:: Data for processing ::

(* Let $m,n\ge 1$ and let $k>0$ and $l$ be fixed integers. Let $P,Q$ be constant $n\times n$ complex matrices, let $\mathfrak{R}(P)$ be a finite set of distinct invertible constant $n\times n$ matrices $\Lambda$ with $-(\Lambda^{k}+\Lambda^{k-l})=P$, and let $\mathfrak{R}(Q)$ be a finite set of distinct invertible constant $n\times n$ matrices $\tilde\Lambda$ with $-(\tilde\Lambda^{k}+\tilde\Lambda^{k-l})=Q$. For each $\Lambda\in\mathfrak{R}(P)$ let $A_\Lambda$ be a constant $m\times n$ matrix, for each $\tilde\Lambda\in\mathfrak{R}(Q)$ let $B_{\tilde\Lambda}$ be a constant $n\times m$ matrix, and for each pair let $X_{\tilde\Lambda,\Lambda}$ be a constant $n\times n$ matrix satisfying $\tilde\Lambda^{-l}X_{\tilde\Lambda,\Lambda}\Lambda^{l}-X_{\tilde\Lambda,\Lambda}=B_{\tilde\Lambda}A_\Lambda$. Let $\tilde\omega$ be a constant $n\times n$ matrix and set $\gamma_1=\tilde\omega P-Q\tilde\omega$. Define $$\theta=\sum_{\Lambda\in\mathfrak{R}(P)}A_\Lambda e^{\Lambda^l t}\Lambda^j,\qquad \eta=\sum_{\tilde\Lambda\in\mathfrak{R}(Q)}e^{-\tilde\Lambda^l t}\tilde\Lambda^{-j}B_{\tilde\Lambda},$$ $$\tilde\Omega=\sum_{\Lambda\in\mathfrak{R}(P),\,\tilde\Lambda\in\mathfrak{R}(Q)}e^{-\tilde\Lambda^l t}\tilde\Lambda^{-j}X_{\tilde\Lambda,\Lambda}e^{\Lambda^l t}\Lambda^j+\tilde\omega,$$ and assume $\tilde\Omega$ is invertible. Let $\varphi_0$ be a constant $m\times m$ matrix. Then $$\varphi=\varphi_0+\theta\,\tilde\Omega^{-1}\eta_{(-l)},\qquad \hat q=-\theta\,\tilde\Omega^{-1}\gamma_1,\qquad \tilde r=-\tilde\Omega_{(l)}^{-1}\eta$$ solve the system $$(\varphi_{(k)}-\varphi)_t+(\varphi_{(k)}-\varphi+I)(\varphi_{(l)}-\varphi)_{(k-l)}-(\varphi_{(l)}-\varphi)(\varphi_{(k)}-\varphi+I)=(\hat q_{(l)}\tilde r_{(k-l)})_{(-l)}-\hat q_{(l)}\tilde r_{(k-l)},$$ $$\hat q_t=\hat q_{(l)}+(\varphi_{(l)}-\varphi)\,\hat q,\qquad \tilde r_t=-\tilde r_{(-l)}-\tilde r\,(\varphi_{(l)}-\varphi).$$ Consequently $W=\varphi_{(1)}-\varphi+\frac1k I$ together with $\hat q,\tilde r$ solves $$\Big(\sum_{i=0}^{k-1}W_{(i)}\Big)_t+\sum_{i=0}^{k-1}W_{(i)}\sum_{i=k-l}^{k-1}W_{(i)}-\sum_{i=0}^{l-1}W_{(i)}\sum_{i=0}^{k-1}W_{(i)}=(\hat q_{(l)}\tilde r_{(k-l)})_{(-l)}-\hat q_{(l)}\tilde r_{(k-l)},$$ $$\hat q_t=\hat q_{(l)}+\Big(\sum_{i=0}^{l-1}W_{(i)}-\tfrac{l}{k}I\Big)\hat q,\qquad \tilde r_t=-\tilde r_{(-l)}-\tilde r\Big(\sum_{i=0}^{l-1}W_{(i)}-\tfrac{l}{k}I\Big).$$
   Context: All dependent variables are matrix-valued functions of a continuous variable $t$ and a discrete variable $j\in\mathbb{Z}$; subscript $t$ denotes the derivative with respect to $t$, and for an integer $s$, $f_{(s)}(t,j)=f(t,j+s)$ denotes the shifted function. $I$ denotes the identity matrix. *)

theory Defs
  imports "HOL-Analysis.Analysis"
begin

fun mpow :: "'a::semiring_1^'n^'n \<Rightarrow> nat \<Rightarrow> 'a^'n^'n" where
  "mpow M 0 = mat 1"
| "mpow M (Suc k) = M ** mpow M k"

definition mpowi :: "'a::semiring_1^'n^'n \<Rightarrow> int \<Rightarrow> 'a^'n^'n" where
  "mpowi M z = (if 0 \<le> z then mpow M (nat z) else mpow (matrix_inv M) (nat (- z)))"

definition mexp :: "complex^'n^'n \<Rightarrow> complex^'n^'n" where
  "mexp M = (\<Sum>i. (1 / fact i) *\<^sub>R mpow M i)"

text \<open>Oriented integer sum  sum_{i=a}^{b} f i , with the convention
  sum_{i=a}^{b} = - sum_{i=b+1}^{a-1} when b < a - 1 (empty when b = a - 1).\<close>
definition isum :: "(int \<Rightarrow> 'a::ab_group_add) \<Rightarrow> int \<Rightarrow> int \<Rightarrow> 'a" where
  "isum f a b = (if a \<le> b + 1 then (\<Sum>i\<in>{a..b}. f i) else - (\<Sum>i\<in>{b+1..a-1}. f i))"

end

theory Submission
  imports Defs
begin

text \<open>
  The functions \<theta>, \<eta>, \<Omega> satisfy a closed system of relations, each of which is checked
  summand by summand: the dispersion laws \<theta>_t = \<theta>_(l), \<eta>_t = -\<eta>_(-l), \<Omega>_t = \<eta>_(-l) \<theta>;
  the shift relation \<Omega>_(l) = \<Omega> + \<eta> \<theta> (from the equation for X); the recurrences
  \<theta>_(k) + \<theta>_(k-l) = -\<theta> P and Q \<eta> = -(\<eta>_(-k) + \<eta>_(l-k)) (from -(\<Lambda>^k + \<Lambda>^(k-l)) = P
  and its analogue for Q); and the Sylvester-type relation \<Omega> P - Q \<Omega>_(k) = \<gamma>1 + \<eta> \<theta>_(k-l).
  The theorem is an algebraic consequence of these relations and (\<Omega>^-1)_t = -\<Omega>^-1 \<Omega>_t \<Omega>^-1:
  the shift relation gives \<Omega>^-1 = \<Omega>_(l)^-1 + \<Omega>_(l)^-1 \<eta> \<theta> \<Omega>^-1, and the Sylvester relation
  rewrites \<Omega>^-1 \<gamma>1 \<Omega>_(k-l)^-1, which is where the products of q and r come from.
  The system for W follows by telescoping, since the sum of W_(i) over a \<le> i \<le> b is
  \<phi>_(b+1) - \<phi>_(a) + (b - a + 1)/k I.
\<close>

lemma matrix_add_rdistrib: "((A::'a::semiring_1^'n^'m) + B) ** C = A ** C + B ** C"
  by (simp add: matrix_matrix_mult_def vec_eq_iff distrib_right sum.distrib)

lemma matrix_diff_ldistrib: "(A::'a::ring_1^'n^'m) ** (B - C) = A ** B - A ** C"
  by (simp add: matrix_matrix_mult_def vec_eq_iff right_diff_distrib sum_subtractf)

lemma matrix_diff_rdistrib: "((A::'a::ring_1^'n^'m) - B) ** C = A ** C - B ** C"
  by (simp add: matrix_matrix_mult_def vec_eq_iff left_diff_distrib sum_subtractf)

lemma matrix_mul_minus_left: "(- (A::'a::ring_1^'n^'m)) ** B = - (A ** B)"
  by (simp add: matrix_matrix_mult_def vec_eq_iff sum_negf)

lemma matrix_mul_minus_right: "(A::'a::ring_1^'n^'m) ** (- B) = - (A ** B)"
  by (simp add: matrix_matrix_mult_def vec_eq_iff sum_negf)

lemmas matrix_distribs = matrix_add_ldistrib matrix_add_rdistrib matrix_diff_ldistrib
  matrix_diff_rdistrib matrix_mul_minus_left matrix_mul_minus_right

lemma matrix_mul_sum_left: "(\<Sum>x\<in>S. f x) ** (C::'a::semiring_1^'p^'n) = (\<Sum>x\<in>S. f x ** C)"
  by (induction S rule: infinite_finite_induct) (auto simp: matrix_add_rdistrib)

lemma matrix_mul_sum_right: "(C::'a::semiring_1^'n^'m) ** (\<Sum>x\<in>S. f x) = (\<Sum>x\<in>S. C ** f x)"
  by (induction S rule: infinite_finite_induct) (auto simp: matrix_add_ldistrib)

lemma matrix_mul_scaleR_mat1: "(A::'a::real_algebra_1^'n^'m) ** (c *\<^sub>R mat 1) = c *\<^sub>R A"
  by (simp add: matrix_scalar_ac)

lemma scaleR_mat1_matrix_mul: "(c *\<^sub>R mat 1) ** (A::'a::real_algebra_1^'n^'m) = c *\<^sub>R A"
  by (simp flip: scalar_matrix_assoc)

lemma matrix_inv_right: "invertible (A::'a::semiring_1^'n^'m) \<Longrightarrow> A ** matrix_inv A = mat 1"
  unfolding invertible_def matrix_inv_def by (erule someI2_ex) simp

lemma matrix_inv_left: "invertible (A::'a::semiring_1^'n^'m) \<Longrightarrow> matrix_inv A ** A = mat 1"
  unfolding invertible_def matrix_inv_def by (erule someI2_ex) simp

lemma bounded_bilinear_matrix_mul:
  "bounded_bilinear (\<lambda>(A::complex^'n^'m) (B::complex^'p^'n). A ** B)"
proof -
  have "bilinear (\<lambda>(A::complex^'n^'m) (B::complex^'p^'n). A ** B)"
    unfolding bilinear_def
    by (auto intro!: linearI simp: matrix_add_ldistrib matrix_add_rdistrib matrix_scalar_ac
        scalar_matrix_assoc)
  then show ?thesis
    using bilinear_conv_bounded_bilinear by blast
qed

lemma mpow_commute: "C ** M = M ** C \<Longrightarrow> C ** mpow M n = mpow M n ** C"
  by (induction n) (simp_all add: matrix_mul_assoc, metis matrix_mul_assoc)

lemma mpowi_0 [simp]: "mpowi M 0 = mat 1"
  by (simp add: mpowi_def)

:::

### To do
Scan the preceding listing for lines that contain the word "Longrightarrow". Give only how many there are.

### The answer
3